Instructions to follow
Look at the entries below and restate word for word the lines from the first through the one that has "M_def by simp".

^^^^^^^^

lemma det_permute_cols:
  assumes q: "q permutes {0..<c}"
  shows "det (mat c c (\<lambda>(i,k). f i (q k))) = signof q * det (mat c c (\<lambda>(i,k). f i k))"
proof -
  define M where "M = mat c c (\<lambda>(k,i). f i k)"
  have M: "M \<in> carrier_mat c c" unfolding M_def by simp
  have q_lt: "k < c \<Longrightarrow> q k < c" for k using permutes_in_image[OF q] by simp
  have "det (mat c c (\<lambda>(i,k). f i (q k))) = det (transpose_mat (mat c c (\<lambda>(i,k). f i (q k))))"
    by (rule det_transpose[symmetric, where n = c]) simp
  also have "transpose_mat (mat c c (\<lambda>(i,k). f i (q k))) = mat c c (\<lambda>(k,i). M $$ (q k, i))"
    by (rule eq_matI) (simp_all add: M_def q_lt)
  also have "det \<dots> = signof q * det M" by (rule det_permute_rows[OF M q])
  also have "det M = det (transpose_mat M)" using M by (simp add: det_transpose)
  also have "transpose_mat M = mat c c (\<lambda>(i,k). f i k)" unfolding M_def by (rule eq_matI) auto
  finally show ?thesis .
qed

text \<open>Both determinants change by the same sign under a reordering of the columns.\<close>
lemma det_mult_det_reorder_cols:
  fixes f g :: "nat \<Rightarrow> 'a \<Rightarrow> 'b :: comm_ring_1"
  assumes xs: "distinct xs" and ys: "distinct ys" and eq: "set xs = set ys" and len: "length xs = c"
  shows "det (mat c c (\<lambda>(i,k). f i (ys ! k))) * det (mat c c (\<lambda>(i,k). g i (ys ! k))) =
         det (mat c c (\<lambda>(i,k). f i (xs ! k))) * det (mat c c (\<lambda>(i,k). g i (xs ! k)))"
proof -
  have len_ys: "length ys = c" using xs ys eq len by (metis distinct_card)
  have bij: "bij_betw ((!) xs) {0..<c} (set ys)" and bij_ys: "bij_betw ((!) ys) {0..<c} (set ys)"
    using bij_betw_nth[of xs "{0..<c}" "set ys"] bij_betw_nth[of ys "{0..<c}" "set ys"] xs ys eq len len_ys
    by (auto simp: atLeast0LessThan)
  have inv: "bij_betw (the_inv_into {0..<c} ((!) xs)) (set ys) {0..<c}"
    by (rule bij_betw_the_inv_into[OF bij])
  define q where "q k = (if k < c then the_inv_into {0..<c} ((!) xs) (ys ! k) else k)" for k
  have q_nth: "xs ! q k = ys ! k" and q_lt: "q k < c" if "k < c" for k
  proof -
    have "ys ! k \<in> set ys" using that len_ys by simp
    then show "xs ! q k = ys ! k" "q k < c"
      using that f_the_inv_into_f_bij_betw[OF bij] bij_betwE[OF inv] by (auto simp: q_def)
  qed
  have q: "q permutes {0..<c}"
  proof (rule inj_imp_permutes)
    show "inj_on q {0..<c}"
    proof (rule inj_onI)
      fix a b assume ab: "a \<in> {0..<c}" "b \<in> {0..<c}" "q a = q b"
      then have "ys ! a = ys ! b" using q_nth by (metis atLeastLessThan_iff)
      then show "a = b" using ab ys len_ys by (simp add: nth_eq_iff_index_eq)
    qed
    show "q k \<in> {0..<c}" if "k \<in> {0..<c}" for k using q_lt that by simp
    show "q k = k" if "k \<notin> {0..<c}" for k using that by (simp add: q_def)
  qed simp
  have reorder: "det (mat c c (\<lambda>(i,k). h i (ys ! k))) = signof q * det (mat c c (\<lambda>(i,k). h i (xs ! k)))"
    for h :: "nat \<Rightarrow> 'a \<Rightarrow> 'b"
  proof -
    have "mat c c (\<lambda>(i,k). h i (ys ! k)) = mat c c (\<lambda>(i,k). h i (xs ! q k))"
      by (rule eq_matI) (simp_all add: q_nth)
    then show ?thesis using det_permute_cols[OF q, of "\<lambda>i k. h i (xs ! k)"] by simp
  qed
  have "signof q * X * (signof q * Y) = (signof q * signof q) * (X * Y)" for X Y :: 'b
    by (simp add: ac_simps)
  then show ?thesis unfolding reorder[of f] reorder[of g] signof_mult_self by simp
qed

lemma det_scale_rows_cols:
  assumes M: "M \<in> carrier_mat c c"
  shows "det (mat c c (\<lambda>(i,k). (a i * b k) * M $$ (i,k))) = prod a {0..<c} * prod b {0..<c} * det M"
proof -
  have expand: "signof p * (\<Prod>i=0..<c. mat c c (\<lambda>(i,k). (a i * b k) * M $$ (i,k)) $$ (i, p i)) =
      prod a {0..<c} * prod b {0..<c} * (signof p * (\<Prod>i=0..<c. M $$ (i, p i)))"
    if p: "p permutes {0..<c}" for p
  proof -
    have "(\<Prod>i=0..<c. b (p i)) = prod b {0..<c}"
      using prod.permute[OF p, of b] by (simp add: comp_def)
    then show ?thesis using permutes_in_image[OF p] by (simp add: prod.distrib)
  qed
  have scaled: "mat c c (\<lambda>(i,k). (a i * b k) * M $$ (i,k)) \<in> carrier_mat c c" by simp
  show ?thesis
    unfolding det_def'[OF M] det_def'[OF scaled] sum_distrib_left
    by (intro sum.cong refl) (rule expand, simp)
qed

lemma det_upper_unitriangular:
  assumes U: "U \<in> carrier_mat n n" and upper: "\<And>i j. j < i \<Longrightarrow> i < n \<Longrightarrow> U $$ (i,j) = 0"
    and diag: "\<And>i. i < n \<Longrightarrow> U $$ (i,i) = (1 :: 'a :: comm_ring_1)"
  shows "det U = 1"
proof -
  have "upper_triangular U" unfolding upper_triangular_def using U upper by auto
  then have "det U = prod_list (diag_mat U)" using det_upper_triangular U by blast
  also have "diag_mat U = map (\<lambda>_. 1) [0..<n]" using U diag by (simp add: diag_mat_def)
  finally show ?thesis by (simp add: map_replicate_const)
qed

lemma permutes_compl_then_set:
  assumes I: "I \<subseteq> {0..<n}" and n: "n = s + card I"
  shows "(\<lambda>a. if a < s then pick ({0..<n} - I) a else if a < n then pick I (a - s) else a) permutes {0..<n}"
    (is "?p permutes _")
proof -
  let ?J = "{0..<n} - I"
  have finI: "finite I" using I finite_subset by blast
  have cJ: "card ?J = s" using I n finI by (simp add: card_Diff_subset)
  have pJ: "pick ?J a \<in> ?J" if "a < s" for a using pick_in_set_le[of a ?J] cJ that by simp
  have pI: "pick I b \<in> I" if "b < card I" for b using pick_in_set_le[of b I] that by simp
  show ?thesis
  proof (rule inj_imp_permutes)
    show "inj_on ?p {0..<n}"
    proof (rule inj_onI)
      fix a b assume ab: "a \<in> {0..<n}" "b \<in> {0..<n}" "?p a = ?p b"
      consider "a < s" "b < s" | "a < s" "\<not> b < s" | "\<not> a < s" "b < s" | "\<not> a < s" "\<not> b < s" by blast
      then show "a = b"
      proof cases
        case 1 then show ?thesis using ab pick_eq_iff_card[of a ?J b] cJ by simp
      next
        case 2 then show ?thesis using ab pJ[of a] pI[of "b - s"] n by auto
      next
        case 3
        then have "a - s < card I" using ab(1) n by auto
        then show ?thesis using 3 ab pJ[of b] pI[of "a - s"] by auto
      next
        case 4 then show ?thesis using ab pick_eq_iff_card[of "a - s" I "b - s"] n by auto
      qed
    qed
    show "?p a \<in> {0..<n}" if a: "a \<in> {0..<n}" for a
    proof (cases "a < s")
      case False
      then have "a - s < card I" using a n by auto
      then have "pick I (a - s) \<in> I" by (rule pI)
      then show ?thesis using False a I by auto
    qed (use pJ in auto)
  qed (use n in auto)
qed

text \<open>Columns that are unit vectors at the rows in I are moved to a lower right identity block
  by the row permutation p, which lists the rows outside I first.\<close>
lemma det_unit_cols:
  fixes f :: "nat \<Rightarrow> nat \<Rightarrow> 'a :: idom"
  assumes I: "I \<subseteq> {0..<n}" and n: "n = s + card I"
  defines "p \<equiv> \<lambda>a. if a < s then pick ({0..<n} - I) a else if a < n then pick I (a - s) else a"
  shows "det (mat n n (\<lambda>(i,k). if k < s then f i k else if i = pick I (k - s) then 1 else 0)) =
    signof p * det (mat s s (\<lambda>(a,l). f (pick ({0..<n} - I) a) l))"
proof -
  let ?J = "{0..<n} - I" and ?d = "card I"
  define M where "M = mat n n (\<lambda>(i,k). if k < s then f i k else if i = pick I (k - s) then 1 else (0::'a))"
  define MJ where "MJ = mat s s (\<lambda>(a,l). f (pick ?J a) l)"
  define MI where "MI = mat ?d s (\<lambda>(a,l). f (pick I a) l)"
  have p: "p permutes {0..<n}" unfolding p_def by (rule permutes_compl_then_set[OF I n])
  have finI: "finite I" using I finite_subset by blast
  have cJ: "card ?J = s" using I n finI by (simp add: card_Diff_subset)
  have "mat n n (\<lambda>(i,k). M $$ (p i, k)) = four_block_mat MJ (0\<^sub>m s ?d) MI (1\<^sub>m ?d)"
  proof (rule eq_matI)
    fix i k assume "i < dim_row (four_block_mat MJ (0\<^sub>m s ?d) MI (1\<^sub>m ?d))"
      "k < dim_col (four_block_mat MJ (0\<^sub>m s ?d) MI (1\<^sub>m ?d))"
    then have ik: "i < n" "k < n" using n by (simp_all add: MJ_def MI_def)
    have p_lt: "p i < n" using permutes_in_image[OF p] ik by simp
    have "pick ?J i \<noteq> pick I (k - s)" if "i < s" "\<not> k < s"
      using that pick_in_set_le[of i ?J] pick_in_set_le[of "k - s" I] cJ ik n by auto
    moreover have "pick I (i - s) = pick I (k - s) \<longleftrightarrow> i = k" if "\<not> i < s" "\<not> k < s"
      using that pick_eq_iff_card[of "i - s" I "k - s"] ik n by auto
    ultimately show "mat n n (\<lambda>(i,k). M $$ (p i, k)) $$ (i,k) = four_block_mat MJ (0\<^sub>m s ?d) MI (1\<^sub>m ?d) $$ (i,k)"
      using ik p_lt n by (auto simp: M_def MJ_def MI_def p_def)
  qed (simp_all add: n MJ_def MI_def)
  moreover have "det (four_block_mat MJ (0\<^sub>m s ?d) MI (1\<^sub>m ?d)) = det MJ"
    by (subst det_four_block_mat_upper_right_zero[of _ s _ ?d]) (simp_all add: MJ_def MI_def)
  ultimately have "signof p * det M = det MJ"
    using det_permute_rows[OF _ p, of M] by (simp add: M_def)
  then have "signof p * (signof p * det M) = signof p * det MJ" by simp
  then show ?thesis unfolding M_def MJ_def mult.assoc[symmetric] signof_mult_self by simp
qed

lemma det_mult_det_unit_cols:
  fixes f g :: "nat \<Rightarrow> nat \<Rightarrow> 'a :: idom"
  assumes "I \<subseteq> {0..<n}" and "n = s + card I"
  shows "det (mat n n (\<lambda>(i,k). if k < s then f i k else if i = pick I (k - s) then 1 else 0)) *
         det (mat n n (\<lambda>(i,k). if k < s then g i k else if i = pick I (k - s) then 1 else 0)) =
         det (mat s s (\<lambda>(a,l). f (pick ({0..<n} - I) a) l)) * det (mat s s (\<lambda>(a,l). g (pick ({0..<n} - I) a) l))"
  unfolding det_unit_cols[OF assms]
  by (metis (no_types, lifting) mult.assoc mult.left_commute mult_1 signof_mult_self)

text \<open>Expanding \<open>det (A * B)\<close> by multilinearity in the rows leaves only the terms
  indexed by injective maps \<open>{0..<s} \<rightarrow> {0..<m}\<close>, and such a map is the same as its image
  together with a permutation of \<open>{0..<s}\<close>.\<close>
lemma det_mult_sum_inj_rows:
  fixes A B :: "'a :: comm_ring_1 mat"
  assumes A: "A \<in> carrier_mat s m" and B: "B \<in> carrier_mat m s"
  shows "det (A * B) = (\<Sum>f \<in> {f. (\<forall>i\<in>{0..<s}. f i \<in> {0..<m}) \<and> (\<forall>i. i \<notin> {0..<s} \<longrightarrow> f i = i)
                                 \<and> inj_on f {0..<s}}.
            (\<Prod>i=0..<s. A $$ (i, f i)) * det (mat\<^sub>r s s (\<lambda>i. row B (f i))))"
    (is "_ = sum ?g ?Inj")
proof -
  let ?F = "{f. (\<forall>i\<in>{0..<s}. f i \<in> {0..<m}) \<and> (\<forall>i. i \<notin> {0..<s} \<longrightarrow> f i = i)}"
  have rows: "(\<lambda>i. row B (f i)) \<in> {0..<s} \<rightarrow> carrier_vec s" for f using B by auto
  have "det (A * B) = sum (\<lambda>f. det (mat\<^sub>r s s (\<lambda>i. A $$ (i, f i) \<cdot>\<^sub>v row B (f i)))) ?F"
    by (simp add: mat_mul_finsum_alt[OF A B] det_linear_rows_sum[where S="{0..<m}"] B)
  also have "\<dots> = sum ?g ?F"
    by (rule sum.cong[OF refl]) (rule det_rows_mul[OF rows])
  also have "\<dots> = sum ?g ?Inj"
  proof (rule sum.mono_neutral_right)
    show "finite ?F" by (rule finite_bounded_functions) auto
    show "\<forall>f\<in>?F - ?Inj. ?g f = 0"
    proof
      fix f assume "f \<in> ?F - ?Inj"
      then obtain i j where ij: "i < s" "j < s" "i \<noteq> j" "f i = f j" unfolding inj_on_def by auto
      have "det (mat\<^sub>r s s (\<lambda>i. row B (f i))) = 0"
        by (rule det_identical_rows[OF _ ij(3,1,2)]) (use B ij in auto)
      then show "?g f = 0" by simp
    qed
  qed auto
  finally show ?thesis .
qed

^^^^^^^^

Response
lemma det_permute_cols:
  assumes q: "q permutes {0..<c}"
  shows "det (mat c c (\<lambda>(i,k). f i (q k))) = signof q * det (mat c c (\<lambda>(i,k). f i k))"
proof -
  define M where "M = mat c c (\<lambda>(k,i). f i k)"
  have M: "M \<in> carrier_mat c c" unfolding M_def by simp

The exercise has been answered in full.